◆ What is being asked
Among the entries below, find every line that contains the string "lemma", then copy it.

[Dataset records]

locale tropical_root_division =
  fixes n k m :: nat and c d a :: "nat \<Rightarrow> real" and av :: real
  assumes n_ge: "n \<ge> 1"
    and c_nonneg: "\<forall>i. c i \<ge> 0"
    and c_supp: "\<forall>i>n. c i = 0"
    and c_lead: "c n \<noteq> 0"
    and a_nonneg: "\<forall>i\<in>{1..n}. a i \<ge> 0"
    and a_mono: "\<forall>i j. 1 \<le> i \<longrightarrow> i \<le> j \<longrightarrow> j \<le> n \<longrightarrow> a i \<le> a j"
    and normalized_factorization: "(\<lambda>i. c i / c n) \<in> hprodL (map (\<lambda>i. linp (a i)) [1..<Suc n])"
    and av_nz: "av \<noteq> 0"
    and k_range: "1 \<le> k" "k \<le> n"
    and m_ge: "m \<ge> 1"
    and block_le_n: "k + m - 1 \<le> n"
    and a_block: "\<forall>i. k \<le> i \<and> i \<le> k + m - 1 \<longrightarrow> a i = av"
    and left_strict: "k \<ge> 2 \<longrightarrow> a (k - 1) < a k"
    and right_strict: "k + m \<le> n \<longrightarrow> a (k + m - 1) < a (k + m)"
    and d_above: "k \<le> n - m \<longrightarrow> d (n - 1) = c n \<and>
              (\<forall>i. k + m - 1 \<le> i \<and> i \<le> n - 2 \<longrightarrow> d i = max (c (i + 1)) (av * d (i + 1)))"
    and d_below: "k \<ge> 2 \<longrightarrow> d 0 = c 0 / av \<and>
              (\<forall>i. 1 \<le> i \<and> i \<le> k - 2 \<longrightarrow> d i = max (c i / av) (d (i - 1) / av))"
    and d_on_block: "\<forall>i. k - 1 \<le> i \<and> i \<le> k + m - 2 \<longrightarrow> d i = (\<Prod>j\<in>{i+2..n}. a j) * c n"
    and d_supp: "\<forall>i\<ge>n. d i = 0"
begin

definition tail_prod :: "nat \<Rightarrow> real" where
  "tail_prod i = prod a {Suc i..n}"

lemma lead_pos: "0 < c n"
  using c_nonneg c_lead by (simp add: less_le)

lemma a_mono_on: "mono_on {1..n} a"
  using a_mono by (auto intro: mono_onI)

lemma a_k: "a k = av"
  using a_block m_ge by simp

lemma av_pos: "0 < av"
  using a_nonneg k_range a_k av_nz by (auto simp: less_le)

lemma a_le_av: "1 \<le> l \<Longrightarrow> l \<le> k \<Longrightarrow> a l \<le> av"
  using a_mono k_range a_k by auto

◆ Solution
lemma lead_pos: "0 < c n"
lemma a_mono_on: "mono_on {1..n} a"
lemma a_k: "a k = av"
lemma av_pos: "0 < av"
lemma a_le_av: "1 \<le> l \<Longrightarrow> l \<le> k \<Longrightarrow> a l \<le> av"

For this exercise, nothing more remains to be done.